Problem requirements: Return every line from the listing where the word "chain" occurs.

Data under study:
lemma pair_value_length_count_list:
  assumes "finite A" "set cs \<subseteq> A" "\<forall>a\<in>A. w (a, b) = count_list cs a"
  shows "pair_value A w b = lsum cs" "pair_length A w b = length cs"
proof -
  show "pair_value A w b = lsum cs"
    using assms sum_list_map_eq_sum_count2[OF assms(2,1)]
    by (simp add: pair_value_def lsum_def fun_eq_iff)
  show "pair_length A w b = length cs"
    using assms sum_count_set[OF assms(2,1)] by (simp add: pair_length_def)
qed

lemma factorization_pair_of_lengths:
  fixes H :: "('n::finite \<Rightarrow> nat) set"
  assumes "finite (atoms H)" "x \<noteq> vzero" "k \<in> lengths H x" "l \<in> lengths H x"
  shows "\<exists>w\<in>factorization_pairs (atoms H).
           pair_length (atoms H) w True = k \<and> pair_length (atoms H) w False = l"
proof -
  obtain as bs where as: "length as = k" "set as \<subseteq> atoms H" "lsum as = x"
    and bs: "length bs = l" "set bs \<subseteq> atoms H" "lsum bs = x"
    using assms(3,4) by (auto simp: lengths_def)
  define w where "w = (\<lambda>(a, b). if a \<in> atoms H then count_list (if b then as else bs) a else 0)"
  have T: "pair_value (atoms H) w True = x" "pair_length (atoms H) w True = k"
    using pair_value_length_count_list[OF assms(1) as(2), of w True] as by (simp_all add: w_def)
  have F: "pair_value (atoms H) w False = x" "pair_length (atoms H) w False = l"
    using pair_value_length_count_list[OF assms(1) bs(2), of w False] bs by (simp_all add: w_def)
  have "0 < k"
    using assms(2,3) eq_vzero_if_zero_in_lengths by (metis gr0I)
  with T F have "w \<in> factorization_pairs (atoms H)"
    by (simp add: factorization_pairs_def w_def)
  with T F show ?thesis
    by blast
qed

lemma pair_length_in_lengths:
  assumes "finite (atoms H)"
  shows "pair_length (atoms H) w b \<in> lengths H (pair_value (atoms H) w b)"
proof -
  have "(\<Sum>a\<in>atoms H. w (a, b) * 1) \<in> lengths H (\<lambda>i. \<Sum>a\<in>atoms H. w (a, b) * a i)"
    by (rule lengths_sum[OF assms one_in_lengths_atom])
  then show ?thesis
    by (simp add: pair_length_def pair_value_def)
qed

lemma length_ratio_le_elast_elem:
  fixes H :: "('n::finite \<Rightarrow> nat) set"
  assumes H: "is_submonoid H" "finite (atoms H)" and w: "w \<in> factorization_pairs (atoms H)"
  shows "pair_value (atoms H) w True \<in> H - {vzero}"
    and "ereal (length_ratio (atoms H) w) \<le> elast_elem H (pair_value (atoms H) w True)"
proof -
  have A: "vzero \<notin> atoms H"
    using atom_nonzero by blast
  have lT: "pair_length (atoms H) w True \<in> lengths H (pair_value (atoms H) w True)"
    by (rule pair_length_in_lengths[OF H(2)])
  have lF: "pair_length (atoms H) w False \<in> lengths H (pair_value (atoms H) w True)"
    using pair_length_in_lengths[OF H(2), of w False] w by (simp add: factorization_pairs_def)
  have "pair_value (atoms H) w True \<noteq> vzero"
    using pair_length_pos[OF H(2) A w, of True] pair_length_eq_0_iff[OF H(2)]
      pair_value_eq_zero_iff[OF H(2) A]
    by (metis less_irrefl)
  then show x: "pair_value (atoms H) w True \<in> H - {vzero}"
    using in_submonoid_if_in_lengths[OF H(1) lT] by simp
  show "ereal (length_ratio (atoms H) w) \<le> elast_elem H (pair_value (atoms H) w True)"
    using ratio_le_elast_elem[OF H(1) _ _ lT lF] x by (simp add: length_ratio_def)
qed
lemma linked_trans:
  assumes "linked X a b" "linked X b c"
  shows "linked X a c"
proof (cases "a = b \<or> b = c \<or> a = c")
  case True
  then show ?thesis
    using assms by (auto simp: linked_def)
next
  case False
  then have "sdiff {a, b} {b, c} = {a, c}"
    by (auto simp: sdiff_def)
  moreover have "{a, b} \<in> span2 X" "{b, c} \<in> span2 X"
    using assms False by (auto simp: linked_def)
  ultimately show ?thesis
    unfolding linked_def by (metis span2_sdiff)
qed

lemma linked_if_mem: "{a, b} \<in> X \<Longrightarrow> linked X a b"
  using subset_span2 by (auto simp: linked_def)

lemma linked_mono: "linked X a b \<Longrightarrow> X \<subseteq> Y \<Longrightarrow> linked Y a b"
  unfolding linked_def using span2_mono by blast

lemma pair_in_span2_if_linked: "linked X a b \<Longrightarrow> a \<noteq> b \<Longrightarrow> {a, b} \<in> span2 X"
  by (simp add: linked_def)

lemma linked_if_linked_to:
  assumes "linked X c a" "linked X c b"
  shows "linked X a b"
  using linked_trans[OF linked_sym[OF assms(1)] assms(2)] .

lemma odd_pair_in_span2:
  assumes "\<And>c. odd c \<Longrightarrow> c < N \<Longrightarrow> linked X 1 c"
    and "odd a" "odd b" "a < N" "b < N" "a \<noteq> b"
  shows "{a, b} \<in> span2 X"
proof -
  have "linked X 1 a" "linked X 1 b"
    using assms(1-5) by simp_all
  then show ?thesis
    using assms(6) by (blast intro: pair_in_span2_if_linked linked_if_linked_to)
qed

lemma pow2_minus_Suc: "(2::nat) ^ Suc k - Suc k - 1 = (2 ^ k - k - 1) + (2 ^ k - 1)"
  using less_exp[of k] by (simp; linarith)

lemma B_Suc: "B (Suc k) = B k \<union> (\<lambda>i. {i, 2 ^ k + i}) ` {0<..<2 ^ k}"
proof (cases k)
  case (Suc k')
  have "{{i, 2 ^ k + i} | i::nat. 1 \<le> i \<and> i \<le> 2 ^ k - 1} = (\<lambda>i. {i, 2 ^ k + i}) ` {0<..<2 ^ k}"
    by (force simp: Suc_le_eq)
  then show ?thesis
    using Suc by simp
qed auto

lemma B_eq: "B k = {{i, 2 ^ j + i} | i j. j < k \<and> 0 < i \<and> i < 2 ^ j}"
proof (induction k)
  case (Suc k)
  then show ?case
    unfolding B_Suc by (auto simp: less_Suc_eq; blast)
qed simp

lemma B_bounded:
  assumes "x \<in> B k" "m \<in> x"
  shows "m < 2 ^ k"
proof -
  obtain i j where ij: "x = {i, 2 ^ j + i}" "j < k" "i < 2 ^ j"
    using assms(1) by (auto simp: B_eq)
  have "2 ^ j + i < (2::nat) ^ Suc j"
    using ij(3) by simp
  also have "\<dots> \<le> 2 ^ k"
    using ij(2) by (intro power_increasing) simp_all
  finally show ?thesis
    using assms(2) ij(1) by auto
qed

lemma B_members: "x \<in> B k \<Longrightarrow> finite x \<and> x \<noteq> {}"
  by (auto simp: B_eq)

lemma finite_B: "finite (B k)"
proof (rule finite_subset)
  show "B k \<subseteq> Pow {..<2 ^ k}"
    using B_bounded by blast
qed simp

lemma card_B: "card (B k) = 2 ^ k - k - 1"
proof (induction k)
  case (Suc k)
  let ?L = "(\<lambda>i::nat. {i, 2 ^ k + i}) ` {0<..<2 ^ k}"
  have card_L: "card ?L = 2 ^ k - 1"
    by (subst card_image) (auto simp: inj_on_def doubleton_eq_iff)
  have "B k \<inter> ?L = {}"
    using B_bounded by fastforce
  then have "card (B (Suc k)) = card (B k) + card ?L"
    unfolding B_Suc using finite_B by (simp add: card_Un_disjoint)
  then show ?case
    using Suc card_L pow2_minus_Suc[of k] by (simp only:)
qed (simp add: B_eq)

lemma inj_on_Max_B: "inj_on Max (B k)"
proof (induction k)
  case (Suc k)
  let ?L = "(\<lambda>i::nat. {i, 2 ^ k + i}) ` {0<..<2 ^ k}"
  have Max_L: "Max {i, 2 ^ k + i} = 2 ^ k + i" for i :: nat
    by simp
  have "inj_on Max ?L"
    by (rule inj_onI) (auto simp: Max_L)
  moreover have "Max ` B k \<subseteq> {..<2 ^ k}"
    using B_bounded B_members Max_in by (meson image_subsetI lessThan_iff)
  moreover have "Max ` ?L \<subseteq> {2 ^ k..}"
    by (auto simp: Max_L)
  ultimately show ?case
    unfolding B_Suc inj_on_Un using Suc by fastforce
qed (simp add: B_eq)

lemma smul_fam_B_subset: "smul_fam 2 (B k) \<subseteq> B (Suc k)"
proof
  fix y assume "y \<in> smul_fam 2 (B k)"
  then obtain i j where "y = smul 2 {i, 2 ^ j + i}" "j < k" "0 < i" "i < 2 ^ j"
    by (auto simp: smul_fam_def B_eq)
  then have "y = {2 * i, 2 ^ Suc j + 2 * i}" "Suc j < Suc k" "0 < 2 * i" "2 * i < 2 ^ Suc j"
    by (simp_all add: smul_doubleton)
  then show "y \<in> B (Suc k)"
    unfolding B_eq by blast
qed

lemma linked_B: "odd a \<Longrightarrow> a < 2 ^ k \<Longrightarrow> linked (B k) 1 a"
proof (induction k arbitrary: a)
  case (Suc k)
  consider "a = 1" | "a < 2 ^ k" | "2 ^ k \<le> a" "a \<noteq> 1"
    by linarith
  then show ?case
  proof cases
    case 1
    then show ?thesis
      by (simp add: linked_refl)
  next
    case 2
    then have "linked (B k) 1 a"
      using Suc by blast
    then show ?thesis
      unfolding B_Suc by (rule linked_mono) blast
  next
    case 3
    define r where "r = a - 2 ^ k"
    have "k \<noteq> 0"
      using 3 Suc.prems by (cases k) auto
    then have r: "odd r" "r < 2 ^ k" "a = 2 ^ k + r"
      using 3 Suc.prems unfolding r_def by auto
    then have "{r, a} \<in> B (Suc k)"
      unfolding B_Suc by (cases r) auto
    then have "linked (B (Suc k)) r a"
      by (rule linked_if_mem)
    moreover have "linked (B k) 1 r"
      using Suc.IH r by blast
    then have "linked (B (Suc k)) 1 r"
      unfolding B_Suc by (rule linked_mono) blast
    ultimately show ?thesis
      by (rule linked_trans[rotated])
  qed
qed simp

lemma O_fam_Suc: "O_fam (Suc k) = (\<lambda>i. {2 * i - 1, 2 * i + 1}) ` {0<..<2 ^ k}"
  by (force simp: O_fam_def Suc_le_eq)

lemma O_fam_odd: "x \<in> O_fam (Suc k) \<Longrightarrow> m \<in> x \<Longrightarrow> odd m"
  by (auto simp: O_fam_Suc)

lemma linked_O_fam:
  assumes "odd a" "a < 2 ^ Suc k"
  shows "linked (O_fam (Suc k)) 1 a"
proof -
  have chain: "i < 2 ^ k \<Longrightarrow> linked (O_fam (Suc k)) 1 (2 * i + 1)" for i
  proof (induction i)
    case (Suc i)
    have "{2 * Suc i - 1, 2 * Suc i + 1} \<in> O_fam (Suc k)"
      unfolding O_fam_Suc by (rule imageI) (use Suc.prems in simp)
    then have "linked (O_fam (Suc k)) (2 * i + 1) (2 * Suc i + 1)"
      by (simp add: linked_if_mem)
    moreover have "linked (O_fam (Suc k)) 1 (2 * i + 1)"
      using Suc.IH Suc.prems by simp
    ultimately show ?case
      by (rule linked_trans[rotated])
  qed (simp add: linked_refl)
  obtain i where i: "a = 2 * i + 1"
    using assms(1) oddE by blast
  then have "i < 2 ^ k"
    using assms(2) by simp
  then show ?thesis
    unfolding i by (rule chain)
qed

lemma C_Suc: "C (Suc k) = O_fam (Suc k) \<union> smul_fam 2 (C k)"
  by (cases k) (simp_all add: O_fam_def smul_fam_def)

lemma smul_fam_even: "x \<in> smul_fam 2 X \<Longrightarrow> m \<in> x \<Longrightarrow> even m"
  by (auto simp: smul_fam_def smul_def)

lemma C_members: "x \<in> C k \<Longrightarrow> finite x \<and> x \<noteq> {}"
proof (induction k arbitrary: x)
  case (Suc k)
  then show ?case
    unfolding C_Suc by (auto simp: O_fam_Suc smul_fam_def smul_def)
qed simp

Answer to the problem:
  have chain: "i < 2 ^ k \<Longrightarrow> linked (O_fam (Suc k)) 1 (2 * i + 1)" for i
    unfolding i by (rule chain)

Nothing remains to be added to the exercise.